Эта сторона дела может быть забыта, не быть центральной точ­кой философского внимания при таком, в общем, нормальном, доб­ром и бурном развитии. Скажем, в XVII веке и в XVIII веке то, что я сейчас говорю, не требовало специального разговора, а казалось само собой разумеющимся. Но к ХХ веку мы как раз накопили до­вольно значительный опыт, который я потом буду объяснять как опыт экстремальных ситуаций, пограничных ситуаций, или край­них ситуаций, в котором вес массового социального бытия и идео­логического бытия для человека стал громадным; мы не замечаем атмосферного давления: над нами есть столб воздуха, а мы не чув­ствуем его и не знаем, но очевидно, что при каких-то его измене­ниях люди осознают, отдают себе отчет, что он существует, что он давит на нас. В ХХ веке при появлении и разрастании массовых форм поведения, при появлении того феномена, о котором я гово­рил в терминах массового человека, при появлении полого чело­века, то есть пустого внутри, мы не знаем даже, как применить понятие личной ответственности. Я приводил пример с Нюрн­бергским процессом, который нашу мысль занимает не столько тем, что там перед нами фигурировали преступники, на совести которых миллионы человеческих жизней (хотя, конечно, это су­щественно), а нам как философам интересно то, что мы, имея тра­диционный набор юридических понятий, не можем установить,
ЛЕКЦИЯ 7
(...)* Чтобы понять людей, мы можем взять их как представи­телей массовых процессов. Например, писатель как представитель свободных профессий в буржуазном обществе по нашей класси­фикации (не очень, кстати, точной, но это сейчас не важно) есть представитель мелкой буржуазии, и что-то мы можем понять в нем как представителе мелкой буржуазии. Когда мы ставим вопрос так, мы понимаем, что где-то, в каком-то конечном пункте, мы, как я говорил в прошлый раз, должны перевернуть этот вопрос и за­даться таким вопросом: хорошо, Флобер — мелкий буржуа, но по­чему не каждый мелкий буржуа — Флобер? Тогда ответ у нас простой (пока простой, потому что дальше мы будем вдаваться в более сложные вещи, разбирая экзистенциальную теорию), и он состоит в том, что Флобер нам интересен как некто совершивший индивидуацию, то есть нечто, что невыводимо из того факта, что он принадлежит к социальной массовой категории, называемой «мелкая буржуазия».

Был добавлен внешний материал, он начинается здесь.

lemma card_insert_Pow:
  assumes "finite F" "x \<notin> F" "S \<in> Pow F"
  shows "card (insert x S) = Suc (card S)" "card S \<le> card F"
proof -
  have "finite S" "x \<notin> S" "S \<subseteq> F"
    using assms finite_subset by auto
  then show "card (insert x S) = Suc (card S)" "card S \<le> card F"
    using assms(1) by (auto intro: card_mono)
qed

lemma sum_Pow_binomial:
  fixes p q :: "'a :: comm_semiring_1"
  assumes "finite P"
  shows "(\<Sum>S\<in>Pow P. p ^ card S * q ^ (card P - card S)) = (p + q) ^ card P"
  using assms
proof (induction P rule: finite_induct)
  case (insert x F)
  have "(\<Sum>S\<in>Pow (insert x F). p ^ card S * q ^ (card (insert x F) - card S))
      = (\<Sum>S\<in>Pow F. q * (p ^ card S * q ^ (card F - card S)))
        + (\<Sum>S\<in>Pow F. p * (p ^ card S * q ^ (card F - card S)))"
    using insert card_insert_Pow[OF insert(1,2)] by (simp add: sum_Pow_insert Suc_diff_le mult_ac)
  also have "\<dots> = (p + q) ^ card (insert x F)"
    using insert by (simp add: sum_distrib_left[symmetric] algebra_simps)
  finally show ?case .
qed simp

lemma sum_Pow_binomial_card:
  fixes p q :: "'a :: comm_semiring_1"
  assumes "finite P" "p + q = 1"
  shows "(\<Sum>S\<in>Pow P. p ^ card S * q ^ (card P - card S) * of_nat (card S)) = of_nat (card P) * p"
  using assms(1)
proof (induction P rule: finite_induct)
  case (insert x F)
  have "(\<Sum>S\<in>Pow (insert x F). p ^ card S * q ^ (card (insert x F) - card S) * of_nat (card S))
      = (\<Sum>S\<in>Pow F. q * (p ^ card S * q ^ (card F - card S) * of_nat (card S)))
        + (\<Sum>S\<in>Pow F. p * (p ^ card S * q ^ (card F - card S) * of_nat (card S)))
        + p * (\<Sum>S\<in>Pow F. p ^ card S * q ^ (card F - card S))"
    using insert card_insert_Pow[OF insert(1,2)]
    by (simp add: sum_Pow_insert Suc_diff_le sum.distrib sum_distrib_left algebra_simps)
  also have "\<dots> = (p + q) * (of_nat (card F) * p) + p * (p + q) ^ card F"
    using insert sum_Pow_binomial[OF insert(1), of p q]
    by (simp add: sum_distrib_left[symmetric] algebra_simps)
  also have "\<dots> = of_nat (card (insert x F)) * p"
    using insert assms(2) by (simp add: algebra_simps)
  finally show ?case .
qed simp

lemma power_one_minus_lower_bound:
  fixes p :: real
  assumes "0 \<le> p" "p \<le> 1" "1 \<le> b"
  shows "(real b - 1) * p\<^sup>2 \<le> real b * p - 1 + (1 - p) ^ b"
  using assms(3)
proof (induction b rule: dec_induct)
  case (step m)
  have "(1 - p) ^ m \<le> 1 - p"
    using power_decreasing[of 1 m "1 - p"] assms step(1) by simp
  then have "p * p \<le> p * (1 - (1 - p) ^ m)"
    using assms by (intro mult_left_mono) auto
  then show ?case
    using step(3) by (simp add: algebra_simps power2_eq_square)
qed simp

section \<open>Merger rates\<close>

lemma merge_choices_subset_Pow: "merge_choices P \<subseteq> Pow P"
  unfolding merge_choices_def by auto

lemma finite_merge_choices: "finite P \<Longrightarrow> finite (merge_choices P)"
  using merge_choices_subset_Pow by (rule finite_subset) simp

lemma sum_merge_choices_excess_ge:
  fixes p :: real
  assumes "finite P" "2 \<le> card P" "0 \<le> p" "p \<le> 1"
  shows "real (card P) - 1 \<le>
    (\<Sum>S\<in>merge_choices P. p ^ (card S - 2) * (1 - p) ^ (card P - card S) * (real (card S) - 1))"
    (is "_ \<le> (\<Sum>S\<in>_. ?w S)")
proof (cases "p = 0")
  case True
  \<comment> \<open>Since \<open>0 ^ 0 = 1\<close>, exactly the pairs contribute, each with weight \<open>1\<close>.\<close>
  let ?pairs = "{S. S \<subseteq> P \<and> card S = 2}"
  have "2 * (card P - 1) \<le> card P * (card P - 1)"
    using assms(2) by simp
  then have "card P - 1 \<le> card P choose 2"
    using div_le_mono[of "2 * (card P - 1)" _ 2] by (simp add: choose_two)
  then have "real (card P) - 1 \<le> real (card P choose 2)"
    using assms(2) by linarith
  also have "\<dots> = (\<Sum>S\<in>?pairs. ?w S)"
    using True n_subsets[OF assms(1), of 2] by simp
  also have "\<dots> \<le> (\<Sum>S\<in>merge_choices P. ?w S)"
    using finite_merge_choices[OF assms(1)] True
    by (intro sum_mono2) (auto simp: merge_choices_def)
  finally show ?thesis .
next
  case False
  let ?b = "card P" and ?q = "1 - p"
  \<comment> \<open>The correction at \<open>S = {}\<close> makes all subsets with fewer than two elements contribute \<open>0\<close>.\<close>
  define f :: "nat set set \<Rightarrow> real"
    where "f S = p ^ card S * ?q ^ (?b - card S) * (real (card S) - 1) + (if S = {} then ?q ^ ?b else 0)" for S
  have "p\<^sup>2 * (\<Sum>S\<in>merge_choices P. ?w S) = (\<Sum>S\<in>merge_choices P. f S)"
    unfolding sum_distrib_left
  proof (rule sum.cong[OF refl])
    fix S assume "S \<in> merge_choices P"
    then have "2 \<le> card S" "S \<noteq> {}" unfolding merge_choices_def by auto
    then have "p ^ card S = p\<^sup>2 * p ^ (card S - 2)"
      by (metis le_add_diff_inverse power_add)
    then show "p\<^sup>2 * ?w S = f S"
      unfolding f_def using \<open>S \<noteq> {}\<close> by simp
  qed
  also have "\<dots> = (\<Sum>S\<in>Pow P. f S)"
  proof (rule sum.mono_neutral_left)
    show "\<forall>S\<in>Pow P - merge_choices P. f S = 0"
    proof
      fix S assume S: "S \<in> Pow P - merge_choices P"
      then have "finite S" "card S = 0 \<or> card S = 1"
        using assms(1) finite_subset unfolding merge_choices_def by auto
      then show "f S = 0" unfolding f_def by auto
    qed
  qed (use assms(1) merge_choices_subset_Pow in auto)
  also have "\<dots> = real ?b * p - 1 + ?q ^ ?b"
    using sum_Pow_binomial[OF assms(1), of p ?q] sum_Pow_binomial_card[OF assms(1), of p ?q] assms(1)
    by (simp add: f_def sum.distrib sum_subtractf right_diff_distrib sum.delta)
  also have "\<dots> \<ge> (real ?b - 1) * p\<^sup>2"
    using power_one_minus_lower_bound[OF assms(3,4), of ?b] assms(2) by simp
  finally show ?thesis
    using False assms(3) by (simp add: mult.commute)
qed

Я ввел довольно важную вещь: мы называем индивидуацией нечто такое, что невыводимо из массового социального бытия. «Индивидуация» — термин, позволяющий нам рационально, то есть концептуально, говорить о том, о чем мы не могли бы иначе говорить концептуально и рационально, потому что мы не можем получить результат аппаратом анализа социального бытия: скажем, применяя классовый анализ (а он применим к массовым социаль­ным явлениям), мы не можем понять феномен Флобера. Мы должны понимать его как мелкого буржуа, но неминуемо придем к пункту, в котором зададимся вопросом: а собственно говоря, ведь не каж­дый мелкий буржуа — Флобер. Тогда, значит, мы не поняли Фло­бера. То, что мы не поняли, этот остаток, и обозначается понятием «индивидуация». Это одновременно и понятие, и предмет интереса, и рассуждений, и размышлений, или, иными словами, это предмет, к которому сместилось внимание современной европейской фило­софии. Почему оно сместилось сюда? Это очень интересные об-
* Знаком (...) отмечены обрывы аудиозаписи.